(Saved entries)
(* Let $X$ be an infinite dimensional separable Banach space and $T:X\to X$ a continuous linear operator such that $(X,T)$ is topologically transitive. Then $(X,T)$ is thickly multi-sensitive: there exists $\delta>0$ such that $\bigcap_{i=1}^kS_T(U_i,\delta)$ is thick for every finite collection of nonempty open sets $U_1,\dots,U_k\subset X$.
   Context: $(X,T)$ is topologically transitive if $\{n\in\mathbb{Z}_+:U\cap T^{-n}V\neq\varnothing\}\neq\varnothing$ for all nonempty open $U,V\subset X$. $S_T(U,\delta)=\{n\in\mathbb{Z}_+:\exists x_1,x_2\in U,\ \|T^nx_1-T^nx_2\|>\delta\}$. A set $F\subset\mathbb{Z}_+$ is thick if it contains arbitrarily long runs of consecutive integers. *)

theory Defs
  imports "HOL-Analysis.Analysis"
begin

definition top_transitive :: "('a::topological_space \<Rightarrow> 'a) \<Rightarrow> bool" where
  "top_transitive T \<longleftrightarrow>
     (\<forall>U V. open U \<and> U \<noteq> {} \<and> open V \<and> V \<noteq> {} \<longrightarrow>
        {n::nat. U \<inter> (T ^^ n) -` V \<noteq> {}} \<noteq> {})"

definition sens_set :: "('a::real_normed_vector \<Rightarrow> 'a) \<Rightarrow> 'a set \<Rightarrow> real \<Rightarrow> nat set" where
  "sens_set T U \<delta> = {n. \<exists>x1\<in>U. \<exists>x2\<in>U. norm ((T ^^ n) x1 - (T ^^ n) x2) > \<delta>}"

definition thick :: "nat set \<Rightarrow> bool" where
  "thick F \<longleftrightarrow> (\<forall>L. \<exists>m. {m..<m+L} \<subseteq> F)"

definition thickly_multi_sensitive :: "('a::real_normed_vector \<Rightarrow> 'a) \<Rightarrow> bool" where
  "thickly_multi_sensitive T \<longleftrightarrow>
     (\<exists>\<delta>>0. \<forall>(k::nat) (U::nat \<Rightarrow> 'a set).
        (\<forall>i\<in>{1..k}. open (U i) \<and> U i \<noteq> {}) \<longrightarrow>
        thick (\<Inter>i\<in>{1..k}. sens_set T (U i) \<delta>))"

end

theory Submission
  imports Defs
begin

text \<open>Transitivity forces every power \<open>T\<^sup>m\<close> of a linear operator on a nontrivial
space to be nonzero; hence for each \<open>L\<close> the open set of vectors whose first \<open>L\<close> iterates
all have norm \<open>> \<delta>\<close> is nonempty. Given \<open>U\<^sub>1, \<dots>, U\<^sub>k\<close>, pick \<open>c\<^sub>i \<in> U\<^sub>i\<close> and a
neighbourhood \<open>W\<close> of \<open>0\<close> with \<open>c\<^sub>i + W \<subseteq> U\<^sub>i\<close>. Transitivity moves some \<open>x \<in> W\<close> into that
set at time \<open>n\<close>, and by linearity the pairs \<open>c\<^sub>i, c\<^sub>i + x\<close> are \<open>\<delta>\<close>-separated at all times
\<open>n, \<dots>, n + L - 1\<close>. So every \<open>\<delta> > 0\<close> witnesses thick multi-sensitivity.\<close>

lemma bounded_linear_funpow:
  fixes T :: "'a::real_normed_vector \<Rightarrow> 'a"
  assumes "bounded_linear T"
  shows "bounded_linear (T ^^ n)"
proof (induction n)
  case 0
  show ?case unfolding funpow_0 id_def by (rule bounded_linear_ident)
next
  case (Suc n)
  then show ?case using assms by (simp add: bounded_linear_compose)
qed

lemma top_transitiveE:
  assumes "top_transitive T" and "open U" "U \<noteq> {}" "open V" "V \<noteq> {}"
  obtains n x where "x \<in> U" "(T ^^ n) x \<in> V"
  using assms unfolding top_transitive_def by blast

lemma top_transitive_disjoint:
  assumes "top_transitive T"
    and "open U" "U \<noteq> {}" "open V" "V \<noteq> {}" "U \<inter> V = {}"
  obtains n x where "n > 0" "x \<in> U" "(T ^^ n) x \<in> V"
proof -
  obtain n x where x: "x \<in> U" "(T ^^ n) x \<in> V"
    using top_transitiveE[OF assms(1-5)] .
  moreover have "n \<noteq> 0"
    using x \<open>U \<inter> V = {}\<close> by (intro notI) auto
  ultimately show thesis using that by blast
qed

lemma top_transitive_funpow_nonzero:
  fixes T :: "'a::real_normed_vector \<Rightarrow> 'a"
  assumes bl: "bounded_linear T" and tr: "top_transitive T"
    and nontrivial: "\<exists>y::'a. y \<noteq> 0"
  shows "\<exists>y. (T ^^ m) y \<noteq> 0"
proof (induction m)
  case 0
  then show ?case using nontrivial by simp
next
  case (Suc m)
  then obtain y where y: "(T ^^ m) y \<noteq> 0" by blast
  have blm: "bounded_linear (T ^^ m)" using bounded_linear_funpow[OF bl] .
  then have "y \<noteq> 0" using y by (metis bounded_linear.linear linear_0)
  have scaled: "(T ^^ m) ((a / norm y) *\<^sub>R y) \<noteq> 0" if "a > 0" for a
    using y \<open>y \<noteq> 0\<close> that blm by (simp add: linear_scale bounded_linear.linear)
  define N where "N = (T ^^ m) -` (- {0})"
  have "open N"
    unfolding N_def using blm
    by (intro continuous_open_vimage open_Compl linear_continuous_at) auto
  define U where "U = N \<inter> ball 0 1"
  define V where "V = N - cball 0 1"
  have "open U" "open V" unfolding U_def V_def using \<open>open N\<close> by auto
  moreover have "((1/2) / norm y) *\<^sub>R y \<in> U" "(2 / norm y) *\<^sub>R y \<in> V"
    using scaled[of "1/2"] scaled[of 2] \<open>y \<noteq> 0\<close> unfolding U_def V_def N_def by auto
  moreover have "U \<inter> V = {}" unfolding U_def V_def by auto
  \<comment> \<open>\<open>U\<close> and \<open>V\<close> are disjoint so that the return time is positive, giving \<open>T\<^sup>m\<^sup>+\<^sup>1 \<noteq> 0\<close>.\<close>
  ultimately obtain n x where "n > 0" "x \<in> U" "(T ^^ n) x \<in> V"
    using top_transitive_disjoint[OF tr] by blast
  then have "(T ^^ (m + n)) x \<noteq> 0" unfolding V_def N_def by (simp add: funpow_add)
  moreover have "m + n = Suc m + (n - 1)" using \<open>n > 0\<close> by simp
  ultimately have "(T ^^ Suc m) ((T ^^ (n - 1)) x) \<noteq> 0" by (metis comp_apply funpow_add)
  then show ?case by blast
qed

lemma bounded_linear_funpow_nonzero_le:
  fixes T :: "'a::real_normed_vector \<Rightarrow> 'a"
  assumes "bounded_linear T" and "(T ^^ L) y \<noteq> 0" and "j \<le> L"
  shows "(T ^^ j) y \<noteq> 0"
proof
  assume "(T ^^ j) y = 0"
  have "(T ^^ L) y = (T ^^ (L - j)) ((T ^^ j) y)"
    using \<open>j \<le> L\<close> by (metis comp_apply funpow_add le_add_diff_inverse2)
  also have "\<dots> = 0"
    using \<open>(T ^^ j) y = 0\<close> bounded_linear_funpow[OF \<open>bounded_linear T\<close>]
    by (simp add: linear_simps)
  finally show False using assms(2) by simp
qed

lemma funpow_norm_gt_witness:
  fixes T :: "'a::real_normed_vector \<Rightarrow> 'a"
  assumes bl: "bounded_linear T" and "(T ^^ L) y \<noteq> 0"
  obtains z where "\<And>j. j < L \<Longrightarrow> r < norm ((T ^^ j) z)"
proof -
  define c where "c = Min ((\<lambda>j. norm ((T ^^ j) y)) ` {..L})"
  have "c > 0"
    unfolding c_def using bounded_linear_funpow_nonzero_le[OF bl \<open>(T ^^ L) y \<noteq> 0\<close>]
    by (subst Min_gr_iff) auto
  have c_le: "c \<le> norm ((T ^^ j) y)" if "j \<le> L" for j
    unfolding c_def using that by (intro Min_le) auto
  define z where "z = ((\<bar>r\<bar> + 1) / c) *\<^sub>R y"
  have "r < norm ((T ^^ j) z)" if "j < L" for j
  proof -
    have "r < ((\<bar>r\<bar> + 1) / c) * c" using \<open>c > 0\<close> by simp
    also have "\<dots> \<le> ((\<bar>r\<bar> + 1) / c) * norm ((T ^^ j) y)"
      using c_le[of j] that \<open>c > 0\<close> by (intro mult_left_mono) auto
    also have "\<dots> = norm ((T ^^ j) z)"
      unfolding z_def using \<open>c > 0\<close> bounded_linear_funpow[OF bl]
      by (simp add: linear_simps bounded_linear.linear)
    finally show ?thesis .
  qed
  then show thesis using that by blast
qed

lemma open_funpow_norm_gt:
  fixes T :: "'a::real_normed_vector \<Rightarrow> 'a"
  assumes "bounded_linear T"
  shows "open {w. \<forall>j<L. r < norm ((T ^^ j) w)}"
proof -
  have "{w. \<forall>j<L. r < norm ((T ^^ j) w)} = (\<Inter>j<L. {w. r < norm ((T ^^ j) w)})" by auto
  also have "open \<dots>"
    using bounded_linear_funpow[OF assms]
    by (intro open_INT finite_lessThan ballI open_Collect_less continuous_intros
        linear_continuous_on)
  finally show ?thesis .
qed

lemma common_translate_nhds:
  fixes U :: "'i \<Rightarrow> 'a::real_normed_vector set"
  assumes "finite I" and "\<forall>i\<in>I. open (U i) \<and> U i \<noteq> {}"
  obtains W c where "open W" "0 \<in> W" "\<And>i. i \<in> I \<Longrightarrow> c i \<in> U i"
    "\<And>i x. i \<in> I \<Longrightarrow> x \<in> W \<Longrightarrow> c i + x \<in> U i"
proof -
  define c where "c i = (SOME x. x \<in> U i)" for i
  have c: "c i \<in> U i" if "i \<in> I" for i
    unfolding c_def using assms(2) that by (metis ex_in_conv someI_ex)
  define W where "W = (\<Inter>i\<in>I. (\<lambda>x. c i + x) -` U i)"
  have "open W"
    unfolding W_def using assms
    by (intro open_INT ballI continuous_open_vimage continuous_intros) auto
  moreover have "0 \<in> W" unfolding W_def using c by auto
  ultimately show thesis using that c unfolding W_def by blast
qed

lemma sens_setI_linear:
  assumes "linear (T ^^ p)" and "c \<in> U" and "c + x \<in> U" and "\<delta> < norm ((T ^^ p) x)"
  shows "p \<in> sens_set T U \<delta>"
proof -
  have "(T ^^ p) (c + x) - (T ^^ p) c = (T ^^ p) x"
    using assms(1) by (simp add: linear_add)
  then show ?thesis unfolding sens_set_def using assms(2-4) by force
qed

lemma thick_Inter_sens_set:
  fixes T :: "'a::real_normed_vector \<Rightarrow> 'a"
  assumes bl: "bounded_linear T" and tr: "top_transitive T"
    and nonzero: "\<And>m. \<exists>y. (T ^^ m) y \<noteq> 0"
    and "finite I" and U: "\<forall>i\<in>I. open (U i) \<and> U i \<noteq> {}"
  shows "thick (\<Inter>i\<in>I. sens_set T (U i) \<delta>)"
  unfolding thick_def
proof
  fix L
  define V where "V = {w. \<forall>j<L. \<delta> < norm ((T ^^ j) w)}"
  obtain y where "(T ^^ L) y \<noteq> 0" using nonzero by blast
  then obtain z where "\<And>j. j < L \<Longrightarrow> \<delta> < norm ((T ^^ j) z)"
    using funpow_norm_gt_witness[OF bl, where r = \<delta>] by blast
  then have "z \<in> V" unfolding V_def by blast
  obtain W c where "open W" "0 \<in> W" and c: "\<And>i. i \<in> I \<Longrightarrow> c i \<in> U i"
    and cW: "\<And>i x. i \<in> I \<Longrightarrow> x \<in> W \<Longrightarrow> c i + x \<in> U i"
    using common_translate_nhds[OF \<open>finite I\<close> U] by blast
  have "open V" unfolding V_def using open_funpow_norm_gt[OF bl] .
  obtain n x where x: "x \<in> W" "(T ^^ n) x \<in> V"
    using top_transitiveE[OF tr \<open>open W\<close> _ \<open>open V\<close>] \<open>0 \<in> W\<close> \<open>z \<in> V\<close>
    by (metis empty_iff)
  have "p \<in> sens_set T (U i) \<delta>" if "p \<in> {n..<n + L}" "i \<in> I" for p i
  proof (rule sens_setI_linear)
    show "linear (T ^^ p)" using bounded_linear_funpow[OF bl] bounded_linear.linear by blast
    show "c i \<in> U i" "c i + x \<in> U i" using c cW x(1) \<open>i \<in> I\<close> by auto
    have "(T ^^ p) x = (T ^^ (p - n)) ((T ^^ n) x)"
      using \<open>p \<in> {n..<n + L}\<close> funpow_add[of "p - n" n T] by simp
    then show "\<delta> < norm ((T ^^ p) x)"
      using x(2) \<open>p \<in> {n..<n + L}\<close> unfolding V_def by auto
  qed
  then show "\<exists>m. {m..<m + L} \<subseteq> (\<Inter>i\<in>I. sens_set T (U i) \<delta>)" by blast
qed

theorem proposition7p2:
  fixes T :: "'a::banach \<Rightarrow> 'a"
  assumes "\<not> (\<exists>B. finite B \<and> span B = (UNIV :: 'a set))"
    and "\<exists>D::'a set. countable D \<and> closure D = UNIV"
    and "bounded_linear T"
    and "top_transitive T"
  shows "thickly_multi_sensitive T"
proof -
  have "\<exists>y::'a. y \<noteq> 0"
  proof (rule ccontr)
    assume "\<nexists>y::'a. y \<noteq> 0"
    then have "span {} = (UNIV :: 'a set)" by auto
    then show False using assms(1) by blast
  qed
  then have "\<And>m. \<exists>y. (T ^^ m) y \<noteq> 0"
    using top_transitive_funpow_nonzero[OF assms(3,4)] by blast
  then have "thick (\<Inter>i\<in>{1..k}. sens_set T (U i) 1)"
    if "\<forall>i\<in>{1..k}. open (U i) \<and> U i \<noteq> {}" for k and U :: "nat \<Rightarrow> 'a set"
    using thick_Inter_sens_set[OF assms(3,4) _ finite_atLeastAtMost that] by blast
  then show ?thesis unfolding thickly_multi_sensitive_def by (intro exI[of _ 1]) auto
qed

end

EXERCISE
Reproduce the entries above exactly, starting at their first line and finishing with the line that contains "all have norm".

EXERCISE ANSWER
(* Let $X$ be an infinite dimensional separable Banach space and $T:X\to X$ a continuous linear operator such that $(X,T)$ is topologically transitive. Then $(X,T)$ is thickly multi-sensitive: there exists $\delta>0$ such that $\bigcap_{i=1}^kS_T(U_i,\delta)$ is thick for every finite collection of nonempty open sets $U_1,\dots,U_k\subset X$.
   Context: $(X,T)$ is topologically transitive if $\{n\in\mathbb{Z}_+:U\cap T^{-n}V\neq\varnothing\}\neq\varnothing$ for all nonempty open $U,V\subset X$. $S_T(U,\delta)=\{n\in\mathbb{Z}_+:\exists x_1,x_2\in U,\ \|T^nx_1-T^nx_2\|>\delta\}$. A set $F\subset\mathbb{Z}_+$ is thick if it contains arbitrarily long runs of consecutive integers. *)

theory Defs
  imports "HOL-Analysis.Analysis"
begin

definition top_transitive :: "('a::topological_space \<Rightarrow> 'a) \<Rightarrow> bool" where
  "top_transitive T \<longleftrightarrow>
     (\<forall>U V. open U \<and> U \<noteq> {} \<and> open V \<and> V \<noteq> {} \<longrightarrow>
        {n::nat. U \<inter> (T ^^ n) -` V \<noteq> {}} \<noteq> {})"

definition sens_set :: "('a::real_normed_vector \<Rightarrow> 'a) \<Rightarrow> 'a set \<Rightarrow> real \<Rightarrow> nat set" where
  "sens_set T U \<delta> = {n. \<exists>x1\<in>U. \<exists>x2\<in>U. norm ((T ^^ n) x1 - (T ^^ n) x2) > \<delta>}"

definition thick :: "nat set \<Rightarrow> bool" where
  "thick F \<longleftrightarrow> (\<forall>L. \<exists>m. {m..<m+L} \<subseteq> F)"

definition thickly_multi_sensitive :: "('a::real_normed_vector \<Rightarrow> 'a) \<Rightarrow> bool" where
  "thickly_multi_sensitive T \<longleftrightarrow>
     (\<exists>\<delta>>0. \<forall>(k::nat) (U::nat \<Rightarrow> 'a set).
        (\<forall>i\<in>{1..k}. open (U i) \<and> U i \<noteq> {}) \<longrightarrow>
        thick (\<Inter>i\<in>{1..k}. sens_set T (U i) \<delta>))"

end

theory Submission
  imports Defs
begin

text \<open>Transitivity forces every power \<open>T\<^sup>m\<close> of a linear operator on a nontrivial
space to be nonzero; hence for each \<open>L\<close> the open set of vectors whose first \<open>L\<close> iterates
all have norm \<open>> \<delta>\<close> is nonempty. Given \<open>U\<^sub>1, \<dots>, U\<^sub>k\<close>, pick \<open>c\<^sub>i \<in> U\<^sub>i\<close> and a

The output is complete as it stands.